Bonding vs. Load Sharing / BODi at one or both ends
Posted by Nathan Meyer, Last modified by Danny Staub on 15 November 2017 03:01 PM

What is the difference between bonding and load sharing?  

Do I need a BODi at only one end or at both ends?

1) When you have a BODi at only one end of a connection, you can do load sharing over multiple GSM connections. Let me explain this in more detail. For example, consider having two GSM connections, which in fact, could be different carriers. You start a video session and it will be transported over the first GSM connection for the entire session, until it is finished. If you start a second video session while the first continues, it will go to the second GSM connection for transport.
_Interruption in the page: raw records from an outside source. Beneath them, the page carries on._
lemma summable_tail_zeta: "summable (\<lambda>i. (real n / real (i + n + 1)) powr 2)"
proof -
  have "summable (\<lambda>i. real n powr 2 * real (i + (n + 1)) powr (- 2))"
    using summable_real_powr_iff[of "-2"] summable_iff_shift[of "\<lambda>i. real i powr -2" "n + 1"]
    by (intro summable_mult) simp
  moreover have "(real n / real (i + n + 1)) powr 2 = real n powr 2 * real (i + (n + 1)) powr (- 2)" for i
    by (simp add: powr_divide powr_minus divide_inverse add.assoc power_mult_distrib power_inverse)
  ultimately show ?thesis by simp
qed

lemma tail_zeta_nonneg: "tail_zeta n \<ge> 0"
  unfolding tail_zeta_def by (intro suminf_nonneg summable_tail_zeta) simp

definition dirichlet_tail :: "(nat \<Rightarrow> complex) \<Rightarrow> nat \<Rightarrow> real \<Rightarrow> complex" where
  "dirichlet_tail b n t = (\<Sum>i. b (i + n) * npow (i + n) (complex_of_real t))"

lemma powr_ratio_split:
  fixes n m :: real
  assumes "n > 0" "m > 0"
  shows "m powr \<sigma> * (n powr t * m powr (- t)) = n powr \<sigma> * (n / m) powr (t - \<sigma>)"
proof -
  have a1: "(n / m) powr (t - \<sigma>) = n powr (t - \<sigma>) / m powr (t - \<sigma>)" by (rule powr_divide)
  have a2: "n powr t = n powr \<sigma> * n powr (t - \<sigma>)" by (subst powr_add[symmetric]) simp
  have a3: "m powr \<sigma> * m powr (- t) = 1 / m powr (t - \<sigma>)"
    using powr_minus[of m "t - \<sigma>"] by (subst powr_add[symmetric]) (simp add: divide_inverse)
  have "m powr \<sigma> * (n powr t * m powr (- t)) = (m powr \<sigma> * m powr (- t)) * n powr t"
    by (simp add: ac_simps)
  also have "\<dots> = n powr t / m powr (t - \<sigma>)" using a3 by simp
  also have "\<dots> = n powr \<sigma> * (n powr (t - \<sigma>) / m powr (t - \<sigma>))" using a2 by simp
  also have "\<dots> = n powr \<sigma> * (n / m) powr (t - \<sigma>)" using a1 by simp
  finally show ?thesis .
qed

lemma dirichlet_summable_of_bound:
  assumes bound: "\<And>p. p \<ge> 1 \<Longrightarrow> norm (b p) \<le> C * real p powr \<sigma>" and t: "t \<ge> \<sigma> + 2"
  shows "summable (\<lambda>p. b p * npow p (complex_of_real t))"
proof -
  have C: "C \<ge> 0" using order_trans[OF norm_ge_zero bound[of 1]] by simp
  have term_bound: "norm (b p * npow p (complex_of_real t)) \<le> C * real p powr (- 2)" if "p \<ge> 1" for p
  proof -
    have "norm (b p * npow p (complex_of_real t)) \<le> C * real p powr \<sigma> * real p powr (- t)"
      unfolding npow_of_real using bound[OF that] by (simp add: norm_mult mult_right_mono)
    also have "\<dots> = C * real p powr (\<sigma> - t)" by (simp add: powr_add[symmetric] mult.assoc)
    also have "\<dots> \<le> C * real p powr (- 2)" using that t C by (intro mult_left_mono powr_mono) auto
    finally show ?thesis .
  qed
  have "summable (\<lambda>p. C * real p powr (- 2))"
    using summable_real_powr_iff[of "-2"] by (intro summable_mult) simp
  then show ?thesis by (rule summable_comparison_test'[OF _ term_bound])
qed

lemma dirichlet_tail_minus_lead:
  assumes conv: "summable (\<lambda>p. b p * npow p (complex_of_real t))" and n: "n \<ge> 1"
  shows "complex_of_real (real n powr t) * dirichlet_tail b n t - b n =
      (\<Sum>i. complex_of_real (real n powr t) * (b (Suc i + n) * npow (Suc i + n) (complex_of_real t)))"
proof -
  define f where "f p = b p * npow p (complex_of_real t)" for p
  have "summable (\<lambda>i. f (i + Suc n))"
    using conv unfolding f_def[abs_def] by (rule summable_iff_shift[THEN iffD2])
  then have sf: "summable (\<lambda>i. f (Suc i + n))" by simp
  then have "summable (\<lambda>i. f (i + n))" by (subst (asm) summable_Suc_iff) simp
  then have "(\<Sum>i. f (Suc i + n)) = (\<Sum>i. f (i + n)) - f n"
    using suminf_split_head[of "\<lambda>i. f (i + n)"] by simp
  moreover have "complex_of_real (real n powr t) * f n = b n"
    unfolding f_def npow_of_real using n by (simp add: powr_minus field_simps)
  ultimately show ?thesis
    using suminf_mult[OF sf, of "complex_of_real (real n powr t)"]
    unfolding dirichlet_tail_def f_def by (simp add: right_diff_distrib)
qed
Therefore the load is shared over the two GSM links, but each session is one, and only one, GSM link.

2) On the other hand, Bonding requires a BODi at each end. (In fact, true bonding of multiple streams needs to have some type of device at each end, such as in MLPPP.) In the bonding scenario with a single video session, the packets (or frames) are distributed in round-robin fashion to the multiple bonded GSM links. In other words for an example with three GSM links, packet #1 goes to GSM link #1, packet #2 goes to GSM link #2, packet #3 goes to GSM link #3, and then it repeats by sending packet #4 to GSM link #1, etc.
In this scenario, the single video session would use all the GSM links (that make up one bonded point-to-point connection) to carry the video traffic.